[EXCERPTED RECORDS — start]

(* Let $n=5$, let $x_1<x_2<\cdots<x_5$ be fixed real numbers and $Y_i=\beta_0+\beta_1x_i+\varepsilon_i$ ($i=1,\dots,5$) with unknown $\beta_0,\beta_1\in\mathbb{R}$ and $\varepsilon_1,\dots,\varepsilon_5$ i.i.d. with a continuous distribution. Let $s_1<s_2<\cdots<s_{10}$ be the ten slopes $S_{ij}=(Y_i-Y_j)/(x_i-x_j)$, $i<j$, sorted increasingly, and let $w_1<w_2<\cdots<w_{55}$ be the $55$ Walsh averages $(s_i+s_j)/2$, $1\le i\le j\le 10$, sorted increasingly. Define $p_1=P(\beta_1\in(s_2,s_9)\wedge 2s_2\le s_1+s_9\wedge s_2+s_{10}\le 2s_9)$, $p_2=P(\beta_1\in(s_2,s_{10})\wedge 2s_2\le s_1+s_9\wedge 2s_9<s_2+s_{10})$, $p_3=P(\beta_1\in(s_1,s_9)\wedge s_1+s_9<2s_2\wedge s_2+s_{10}\le 2s_9)$, $p_4=P(\beta_1\in(s_1,s_{10})\wedge s_1+s_9<2s_2\wedge 2s_9<s_2+s_{10})$. Then $P(\beta_1\in(w_9,w_{47}))\le p_1+p_2+p_3+p_4$.
   Context: Ties among the slopes and among the Walsh averages occur with probability zero and are ignored. *)

theory Defs
  imports "HOL-Probability.Probability"
begin

definition sorted_slopes :: "(nat \<Rightarrow> real) \<Rightarrow> (nat \<Rightarrow> real) \<Rightarrow> real list" where
  "sorted_slopes x Y = sort [(Y i - Y j) / (x i - x j). i \<leftarrow> [1..<6], j \<leftarrow> [1..<6], i < j]"

definition ord_slope :: "(nat \<Rightarrow> real) \<Rightarrow> (nat \<Rightarrow> real) \<Rightarrow> nat \<Rightarrow> real" where
  "ord_slope x Y k = sorted_slopes x Y ! (k - 1)"

definition sorted_walsh :: "(nat \<Rightarrow> real) \<Rightarrow> (nat \<Rightarrow> real) \<Rightarrow> real list" where
  "sorted_walsh x Y = sort [(ord_slope x Y i + ord_slope x Y j) / 2.
                             i \<leftarrow> [1..<11], j \<leftarrow> [1..<11], i \<le> j]"

definition ord_walsh :: "(nat \<Rightarrow> real) \<Rightarrow> (nat \<Rightarrow> real) \<Rightarrow> nat \<Rightarrow> real" where
  "ord_walsh x Y k = sorted_walsh x Y ! (k - 1)"

end

theory Submission
  imports Defs
begin

text \<open>The inequality holds event by event. Every Walsh average below m = min(s_2, (s_1+s_9)/2) has the form
  (s_1+s_j)/2 with j \<le> 8, so at most eight of them lie below m and w_9 \<ge> m. Dually, every
  Walsh average except the eight (s_i+s_10)/2 with 3 \<le> i \<le> 10 is at most
  M = max(s_9, (s_2+s_10)/2), so w_47 \<le> M. Hence {w_9 < \<beta>_1 < w_47} \<subseteq> {m < \<beta>_1 < M},
  which splits into the four events according to which terms attain the min and the max.\<close>

lemma length_filter_mono_pred:
  assumes "\<And>x. x \<in> set xs \<Longrightarrow> P x \<Longrightarrow> Q x"
  shows "length (filter P xs) \<le> length (filter Q xs)"
  using assms by (induction xs) auto

lemma sorted_nth_down_closed_iff:
  fixes ys :: "'a::linorder list"
  assumes "sorted ys" "k < length ys" and down_closed: "\<And>y z. P y \<Longrightarrow> z \<le> y \<Longrightarrow> P z"
  shows "P (ys ! k) \<longleftrightarrow> k < length (filter P ys)"
proof -
  let ?I = "{i. i < length ys \<and> P (ys ! i)}"
  have count: "length (filter P ys) = card ?I"
    by (simp add: length_filter_conv_card)
  show ?thesis
  proof
    assume "P (ys ! k)"
    then have "{..k} \<subseteq> ?I"
      using assms by (auto simp: sorted_iff_nth_mono)
    then have "card {..k} \<le> card ?I"
      by (intro card_mono) auto
    then show "k < length (filter P ys)"
      by (simp add: count)
  next
    assume k_less: "k < length (filter P ys)"
    show "P (ys ! k)"
    proof (rule ccontr)
      assume "\<not> P (ys ! k)"
      then have "?I \<subseteq> {..<k}"
        using assms by (auto simp: sorted_iff_nth_mono) (metis linorder_not_le)
      then have "card ?I \<le> k"
        by (metis card_lessThan card_mono finite_lessThan)
      with k_less show False
        by (simp add: count)
    qed
  qed
qed

lemma sort_nth_down_closed_iff:
  fixes xs :: "'a::linorder list"
  assumes "k < length xs" and "\<And>y z. P y \<Longrightarrow> z \<le> y \<Longrightarrow> P z"
  shows "P (sort xs ! k) \<longleftrightarrow> k < length (filter P xs)"
  using sorted_nth_down_closed_iff[of "sort xs" k P] assms by (simp add: filter_sort)

lemma borel_measurable_sort_nth:
  fixes f :: "'b \<Rightarrow> 'a \<Rightarrow> real"
  assumes "\<And>p. p \<in> set ps \<Longrightarrow> f p \<in> borel_measurable M" and "k < length ps"
  shows "(\<lambda>\<omega>. sort (map (\<lambda>p. f p \<omega>) ps) ! k) \<in> borel_measurable M"
  unfolding borel_measurable_iff_le
proof
  fix t
  let ?count = "\<lambda>\<omega>. \<Sum>i<length ps. if f (ps ! i) \<omega> \<le> t then 1 else 0 :: real"
  have "sort (map (\<lambda>p. f p \<omega>) ps) ! k \<le> t \<longleftrightarrow> real k < ?count \<omega>" for \<omega>
  proof -
    have "length (filter (\<lambda>y. y \<le> t) (map (\<lambda>p. f p \<omega>) ps))
        = card {i. i < length ps \<and> f (ps ! i) \<omega> \<le> t}"
      by (simp add: length_filter_conv_card cong: conj_cong)
    also have "real \<dots> = ?count \<omega>"
      by (simp add: sum.If_cases Collect_conj_eq lessThan_def Int_commute)
    finally show ?thesis
      using sort_nth_down_closed_iff[of k "map (\<lambda>p. f p \<omega>) ps" "\<lambda>y. y \<le> t"] assms(2)
      by (metis (no_types, lifting) dual_order.trans length_map of_nat_less_iff)
  qed
  then have "{\<omega> \<in> space M. sort (map (\<lambda>p. f p \<omega>) ps) ! k \<le> t}
      = {\<omega> \<in> space M. real k < ?count \<omega>}"
    by blast
  moreover have "?count \<in> borel_measurable M"
    using assms(1) by (intro borel_measurable_sum) (auto intro!: measurable_If)
  ultimately show "{\<omega> \<in> space M. sort (map (\<lambda>p. f p \<omega>) ps) ! k \<le> t} \<in> sets M"
    by simp
qed

definition slope_pairs :: "(nat \<times> nat) list" where
  "slope_pairs = [(i, j). i \<leftarrow> [1..<6], j \<leftarrow> [1..<6], i < j]"

definition walsh_pairs :: "(nat \<times> nat) list" where
  "walsh_pairs = [(i, j). i \<leftarrow> [1..<11], j \<leftarrow> [1..<11], i \<le> j]"

lemma length_walsh_pairs: "length walsh_pairs = 55"
  by (simp add: walsh_pairs_def upt_rec)

lemma walsh_pairs_bounds: "(i, j) \<in> set walsh_pairs \<Longrightarrow> 1 \<le> i \<and> i \<le> j \<and> j \<le> 10"
  by (auto simp: walsh_pairs_def)

lemma sorted_slopes_eq:
  "sorted_slopes x Y = sort (map (\<lambda>(i, j). (Y i - Y j) / (x i - x j)) slope_pairs)"
  by (simp add: sorted_slopes_def slope_pairs_def map_concat comp_def if_distrib cong: if_cong)

lemma length_sorted_slopes: "length (sorted_slopes x Y) = 10"
  by (simp add: sorted_slopes_eq slope_pairs_def upt_rec)

lemma ord_slope_mono_on: "mono_on {1..10} (ord_slope x Y)"
proof -
  have "sorted (sorted_slopes x Y)"
    by (simp add: sorted_slopes_def)
  then show ?thesis
    by (intro mono_onI) (auto simp: ord_slope_def length_sorted_slopes sorted_iff_nth_mono)
qed

lemma ord_walsh_eq:
  "ord_walsh x Y k
     = sort (map (\<lambda>(i, j). (ord_slope x Y i + ord_slope x Y j) / 2) walsh_pairs) ! (k - 1)"
  by (simp add: ord_walsh_def sorted_walsh_def walsh_pairs_def map_concat comp_def if_distrib
      cong: if_cong)

lemma walsh_average_9_lower:
  fixes s :: "nat \<Rightarrow> real"
  assumes mono: "mono_on {1..10} s"
  defines "avg \<equiv> \<lambda>(i, j). (s i + s j) / 2"
  shows "min (s 2) ((s 1 + s 9) / 2) \<le> sort (map avg walsh_pairs) ! 8"
proof -
  define m where "m = min (s 2) ((s 1 + s 9) / 2)"
  have below: "fst p = 1 \<and> snd p \<le> 8" if "p \<in> set walsh_pairs" "avg p < m" for p
  proof (rule ccontr)
    obtain i j where p: "p = (i, j)" by fastforce
    with walsh_pairs_bounds that(1) have ij: "1 \<le> i" "i \<le> j" "j \<le> 10" by auto
    assume "\<not> (fst p = 1 \<and> snd p \<le> 8)"
    with p ij have "2 \<le> i \<or> 9 \<le> j" by auto
    then have "s 2 \<le> s i \<and> s 2 \<le> s j \<or> s 1 \<le> s i \<and> s 9 \<le> s j"
      using ij by (auto intro!: mono_onD[OF mono])
    moreover have "m \<le> s 2" "m \<le> (s 1 + s 9) / 2"
      unfolding m_def by (rule min.cobounded1, rule min.cobounded2)
    ultimately show False
      using that(2) by (auto simp: avg_def p)
  qed
  have "length (filter (\<lambda>p. avg p < m) walsh_pairs)
      \<le> length (filter (\<lambda>p. fst p = 1 \<and> snd p \<le> 8) walsh_pairs)"
    using below by (intro length_filter_mono_pred)
  also have "\<dots> = 8"
    by (simp add: walsh_pairs_def upt_rec)
  finally have "\<not> sort (map avg walsh_pairs) ! 8 < m"
    using sort_nth_down_closed_iff[of 8 "map avg walsh_pairs" "\<lambda>y. y < m"]
    by (simp add: length_walsh_pairs filter_map comp_def)
  then show ?thesis
    unfolding m_def by (rule leI)
qed

lemma walsh_average_47_upper:
  fixes s :: "nat \<Rightarrow> real"
  assumes mono: "mono_on {1..10} s"
  defines "avg \<equiv> \<lambda>(i, j). (s i + s j) / 2"
  shows "sort (map avg walsh_pairs) ! 46 \<le> max (s 9) ((s 2 + s 10) / 2)"
proof -
  define M where "M = max (s 9) ((s 2 + s 10) / 2)"
  have above: "avg p \<le> M" if "p \<in> set walsh_pairs" "\<not> (snd p = 10 \<and> 3 \<le> fst p)" for p
  proof -
    obtain i j where p: "p = (i, j)" by fastforce
    with walsh_pairs_bounds that(1) have ij: "1 \<le> i" "i \<le> j" "j \<le> 10" by auto
    with that(2) p have "j \<le> 9 \<or> j = 10 \<and> i \<le> 2" by auto
    then have "s i \<le> s 9 \<and> s j \<le> s 9 \<or> s i \<le> s 2 \<and> j = 10"
      using ij by (auto intro!: mono_onD[OF mono])
    moreover have "s 9 \<le> M" "(s 2 + s 10) / 2 \<le> M"
      unfolding M_def by (rule max.cobounded1, rule max.cobounded2)
    ultimately show ?thesis
      by (auto simp: avg_def p)
  qed
  have "47 = length (filter (\<lambda>p. \<not> (snd p = 10 \<and> 3 \<le> fst p)) walsh_pairs)"
    by (simp add: walsh_pairs_def upt_rec)
  also have "\<dots> \<le> length (filter (\<lambda>p. avg p \<le> M) walsh_pairs)"
    using above by (intro length_filter_mono_pred)
  finally have "sort (map avg walsh_pairs) ! 46 \<le> M"
    using sort_nth_down_closed_iff[of 46 "map avg walsh_pairs" "\<lambda>y. y \<le> M"]
    by (simp add: length_walsh_pairs filter_map comp_def)
  then show ?thesis
    unfolding M_def .
qed

lemma borel_measurable_ord_slope:
  assumes "\<And>i. i \<in> {1..5} \<Longrightarrow> (\<lambda>\<omega>. Y \<omega> i) \<in> borel_measurable M" and "k \<in> {1..10}"
  shows "(\<lambda>\<omega>. ord_slope x (Y \<omega>) k) \<in> borel_measurable M"
proof -
  have "(\<lambda>\<omega>. sort (map (\<lambda>p. (Y \<omega> (fst p) - Y \<omega> (snd p)) / (x (fst p) - x (snd p))) slope_pairs)
      ! (k - 1)) \<in> borel_measurable M"
    using assms by (intro borel_measurable_sort_nth) (auto simp: slope_pairs_def upt_rec)
  then show ?thesis
    by (simp add: ord_slope_def sorted_slopes_eq case_prod_unfold)
qed

lemma between_min_max_cases:
  fixes s :: "nat \<Rightarrow> real"
  assumes "mono_on {1..10} s"
    and "min (s 2) ((s 1 + s 9) / 2) < b" "b < max (s 9) ((s 2 + s 10) / 2)"
  shows "s 2 < b \<and> b < s 9 \<and> 2 * s 2 \<le> s 1 + s 9 \<and> s 2 + s 10 \<le> 2 * s 9
    \<or> s 2 < b \<and> b < s 10 \<and> 2 * s 2 \<le> s 1 + s 9 \<and> 2 * s 9 < s 2 + s 10
    \<or> s 1 < b \<and> b < s 9 \<and> s 1 + s 9 < 2 * s 2 \<and> s 2 + s 10 \<le> 2 * s 9
    \<or> s 1 < b \<and> b < s 10 \<and> s 1 + s 9 < 2 * s 2 \<and> 2 * s 9 < s 2 + s 10"
proof -
  have "s 1 \<le> s 9" "s 2 \<le> s 10"
    by (auto intro!: mono_onD[OF assms(1)])
  with assms(2,3) show ?thesis
    by (auto simp: min_def max_def split: if_splits)
qed

lemma (in finite_measure) measure_le_sum4_of_cover:
  assumes "\<And>\<omega>. \<omega> \<in> space M \<Longrightarrow> P \<omega> \<Longrightarrow> Q1 \<omega> \<or> Q2 \<omega> \<or> Q3 \<omega> \<or> Q4 \<omega>"
    and "{\<omega> \<in> space M. Q1 \<omega>} \<in> sets M" "{\<omega> \<in> space M. Q2 \<omega>} \<in> sets M"
    and "{\<omega> \<in> space M. Q3 \<omega>} \<in> sets M" "{\<omega> \<in> space M. Q4 \<omega>} \<in> sets M"
  shows "measure M {\<omega> \<in> space M. P \<omega>} \<le> measure M {\<omega> \<in> space M. Q1 \<omega>}
    + measure M {\<omega> \<in> space M. Q2 \<omega>} + measure M {\<omega> \<in> space M. Q3 \<omega>}
    + measure M {\<omega> \<in> space M. Q4 \<omega>}"
proof -
  let ?A = "\<lambda>Q. {\<omega> \<in> space M. Q \<omega>}"
  have "measure M (?A P) \<le> measure M (?A Q1 \<union> ?A Q2 \<union> ?A Q3 \<union> ?A Q4)"
    using assms by (intro finite_measure_mono) auto
  also have "\<dots> \<le> measure M (?A Q1 \<union> ?A Q2 \<union> ?A Q3) + measure M (?A Q4)"
    using assms(2-5) by (intro measure_Un_le) auto
  also have "measure M (?A Q1 \<union> ?A Q2 \<union> ?A Q3) \<le> measure M (?A Q1 \<union> ?A Q2) + measure M (?A Q3)"
    using assms(2-5) by (intro measure_Un_le) auto
  also have "measure M (?A Q1 \<union> ?A Q2) \<le> measure M (?A Q1) + measure M (?A Q2)"
    using assms(2-5) by (intro measure_Un_le) auto
  finally show ?thesis
    by simp
qed

theorem theorem4:
  fixes M :: "'a measure" and x :: "nat \<Rightarrow> real" and \<epsilon> :: "nat \<Rightarrow> 'a \<Rightarrow> real"
    and \<beta>0 \<beta>1 :: real
  assumes "prob_space M"
    and x_incr: "\<And>i j. 1 \<le> i \<Longrightarrow> i < j \<Longrightarrow> j \<le> 5 \<Longrightarrow> x i < x j"
    and rv: "\<And>i. i \<in> {1..5} \<Longrightarrow> \<epsilon> i \<in> borel_measurable M"
    and indep: "prob_space.indep_vars M (\<lambda>_. borel) \<epsilon> {1..5}"
    and ident: "\<And>i. i \<in> {1..5} \<Longrightarrow> distr M borel (\<epsilon> i) = distr M borel (\<epsilon> 1)"
    and cont: "\<And>i c. i \<in> {1..5} \<Longrightarrow> measure M {\<omega> \<in> space M. \<epsilon> i \<omega> = c} = 0"
  defines "Y \<equiv> \<lambda>\<omega> i. \<beta>0 + \<beta>1 * x i + \<epsilon> i \<omega>"
  defines "s \<equiv> \<lambda>\<omega> k. ord_slope x (Y \<omega>) k"
  defines "w \<equiv> \<lambda>\<omega> k. ord_walsh x (Y \<omega>) k"
  shows "measure M {\<omega> \<in> space M. w \<omega> 9 < \<beta>1 \<and> \<beta>1 < w \<omega> 47} \<le>
      measure M {\<omega> \<in> space M. s \<omega> 2 < \<beta>1 \<and> \<beta>1 < s \<omega> 9
          \<and> 2 * s \<omega> 2 \<le> s \<omega> 1 + s \<omega> 9 \<and> s \<omega> 2 + s \<omega> 10 \<le> 2 * s \<omega> 9}
    + measure M {\<omega> \<in> space M. s \<omega> 2 < \<beta>1 \<and> \<beta>1 < s \<omega> 10
          \<and> 2 * s \<omega> 2 \<le> s \<omega> 1 + s \<omega> 9 \<and> 2 * s \<omega> 9 < s \<omega> 2 + s \<omega> 10}
    + measure M {\<omega> \<in> space M. s \<omega> 1 < \<beta>1 \<and> \<beta>1 < s \<omega> 9
          \<and> s \<omega> 1 + s \<omega> 9 < 2 * s \<omega> 2 \<and> s \<omega> 2 + s \<omega> 10 \<le> 2 * s \<omega> 9}
    + measure M {\<omega> \<in> space M. s \<omega> 1 < \<beta>1 \<and> \<beta>1 < s \<omega> 10
          \<and> s \<omega> 1 + s \<omega> 9 < 2 * s \<omega> 2 \<and> 2 * s \<omega> 9 < s \<omega> 2 + s \<omega> 10}"
proof -
  interpret prob_space M by fact
  have mono: "mono_on {1..10} (s \<omega>)" for \<omega>
    unfolding s_def by (rule ord_slope_mono_on)
  have w_bounds: "min (s \<omega> 2) ((s \<omega> 1 + s \<omega> 9) / 2) \<le> w \<omega> 9"
      "w \<omega> 47 \<le> max (s \<omega> 9) ((s \<omega> 2 + s \<omega> 10) / 2)" for \<omega>
    using walsh_average_9_lower[OF mono] walsh_average_47_upper[OF mono]
    by (simp_all add: w_def s_def ord_walsh_eq)
  have "(\<lambda>\<omega>. Y \<omega> i) \<in> borel_measurable M" if "i \<in> {1..5}" for i
    unfolding Y_def using rv[OF that] by measurable
  then have s_measurable: "(\<lambda>\<omega>. s \<omega> k) \<in> borel_measurable M" if "k \<in> {1..10}" for k
    unfolding s_def using that by (rule borel_measurable_ord_slope)
  show ?thesis
  proof (rule measure_le_sum4_of_cover, goal_cases)
    case (1 \<omega>)
    with w_bounds[of \<omega>] show ?case
      by (intro between_min_max_cases[OF mono]) linarith+
  qed (auto intro!: sets.sets_Collect_conj borel_measurable_less borel_measurable_le
      borel_measurable_add borel_measurable_times s_measurable)
qed

end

[EXCERPTED RECORDS — finish]

### WORK REQUEST
From the lines above, copy those that contain the word "below".

### SOLVED PROBLEM
text \<open>The inequality holds event by event. Every Walsh average below m = min(s_2, (s_1+s_9)/2) has the form
  (s_1+s_j)/2 with j \<le> 8, so at most eight of them lie below m and w_9 \<ge> m. Dually, every
  have below: "fst p = 1 \<and> snd p \<le> 8" if "p \<in> set walsh_pairs" "avg p < m" for p
    using below by (intro length_filter_mono_pred)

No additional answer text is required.